Saved data entries
------

lemma dF_sq_le_principal_eigenvectors:
  fixes f :: "real^'d \<Rightarrow> real^'d" and x X q :: "nat \<Rightarrow> real^'d"
  assumes eigenbasis: "sorted_eigenbasis f x mu"
    and q: "orthonormal_on {1..K} q" and K: "K \<le> CARD('d)"
    and lam: "strict_antimono_on {1..K} lam" and pos: "0 < lam K"
    and perturbation: "\<And>u. norm (f u - spiked_op K lam q c u) \<le> t * norm u"
    and X: "\<And>j. j \<in> {1..K} \<Longrightarrow> X j = x j"
  shows "(dF K X q)\<^sup>2 \<le> 8 * t\<^sup>2 * (\<Sum>j=1..K. 1 / (gapK lam K j)\<^sup>2)"
proof -
  interpret sorted_eigenbasis f x mu
    by (fact eigenbasis)
  have "norm (X j) = 1" if "j \<in> {1..K}" for j
    using that X K orthonormal_on_norm[OF orthonormal_x] by simp
  then have "(dF K X q)\<^sup>2 \<le> 2 * (\<Sum>j=1..K. 1 - (X j \<bullet> q j)\<^sup>2)"
    using orthonormal_on_norm[OF q] by (rule dF_sq_le_alignment)
  also have "\<dots> \<le> 2 * (\<Sum>j=1..K. 4 * t\<^sup>2 / (gapK lam K j)\<^sup>2)"
    using principal_eigenvector_alignment[OF q _ lam pos perturbation] K X
    by (intro mult_left_mono sum_mono) auto
  also have "\<dots> = 8 * t\<^sup>2 * (\<Sum>j=1..K. 1 / (gapK lam K j)\<^sup>2)"
    by (simp add: sum_distrib_left)
  finally show ?thesis .
qed

lemma outer_mult_vec: "outer a b *v u = (b \<bullet> u) *\<^sub>R a"
  by (simp add: outer_def vec_eq_iff matrix_vector_mult_def inner_vec_def sum_distrib_left
      mult.commute mult.left_commute)

lemma meanC_mult_eq_spiked_op:
  "meanC K lam Q L nl v *v u = spiked_op K lam Q (\<Sum>l=1..L. real (nl l) / real (ntot L nl) * v l) u"
proof -
  have "(\<Sum>k=1..K. lam k *\<^sub>R outer (Q k) (Q k)) *v u = (\<Sum>k=1..K. (lam k * (Q k \<bullet> u)) *\<^sub>R Q k)"
    by (induction K) (simp_all add: matrix_vector_mult_add_rdistrib outer_mult_vec
        scaleR_matrix_vector_assoc[symmetric])
  then show ?thesis
    by (simp add: meanC_def signalM_def spiked_op_def matrix_vector_mult_add_rdistrib
        scaleR_matrix_vector_assoc[symmetric])
qed

lemma sorted_eigenbasis_mult_vec:
  fixes A :: "real^'n^'n"
  assumes "\<forall>i\<in>{1..CARD('n)}. \<forall>j\<in>{1..CARD('n)}. x i \<bullet> x j = (if i = j then 1 else 0)"
    and "\<forall>i\<in>{1..CARD('n)}. A *v x i = mu i *\<^sub>R x i"
    and "\<forall>i\<in>{1..<CARD('n)}. mu (Suc i) \<le> mu i"
  shows "sorted_eigenbasis ((*v) A) x mu"
  using assms
  by (intro sorted_eigenbasis.intro) (auto simp: orthonormal_on_def intro!: antimono_on_atLeastAtMostI)

lemma norm_diff_spiked_op_le_onorm:
  "norm (A *v u - spiked_op K lam Q (\<Sum>l=1..L. real (nl l) / real (ntot L nl) * v l) u)
    \<le> onorm (\<lambda>u. (A - meanC K lam Q L nl v) *v u) * norm u"
proof -
  have "A *v u - spiked_op K lam Q (\<Sum>l=1..L. real (nl l) / real (ntot L nl) * v l) u
      = (A - meanC K lam Q L nl v) *v u"
    by (simp add: meanC_mult_eq_spiked_op matrix_vector_mult_diff_rdistrib)
  then show ?thesis
    by (simp only: onorm[OF matrix_vector_mul_bounded_linear])
qed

------

Set down again, word for word, the stretch of records from the line with "by (fact eigenbasis)" to the line with "q)\<^sup>2 \<le> 2", both of those lines included.

    by (fact eigenbasis)
  have "norm (X j) = 1" if "j \<in> {1..K}" for j
    using that X K orthonormal_on_norm[OF orthonormal_x] by simp
  then have "(dF K X q)\<^sup>2 \<le> 2 * (\<Sum>j=1..K. 1 - (X j \<bullet> q j)\<^sup>2)"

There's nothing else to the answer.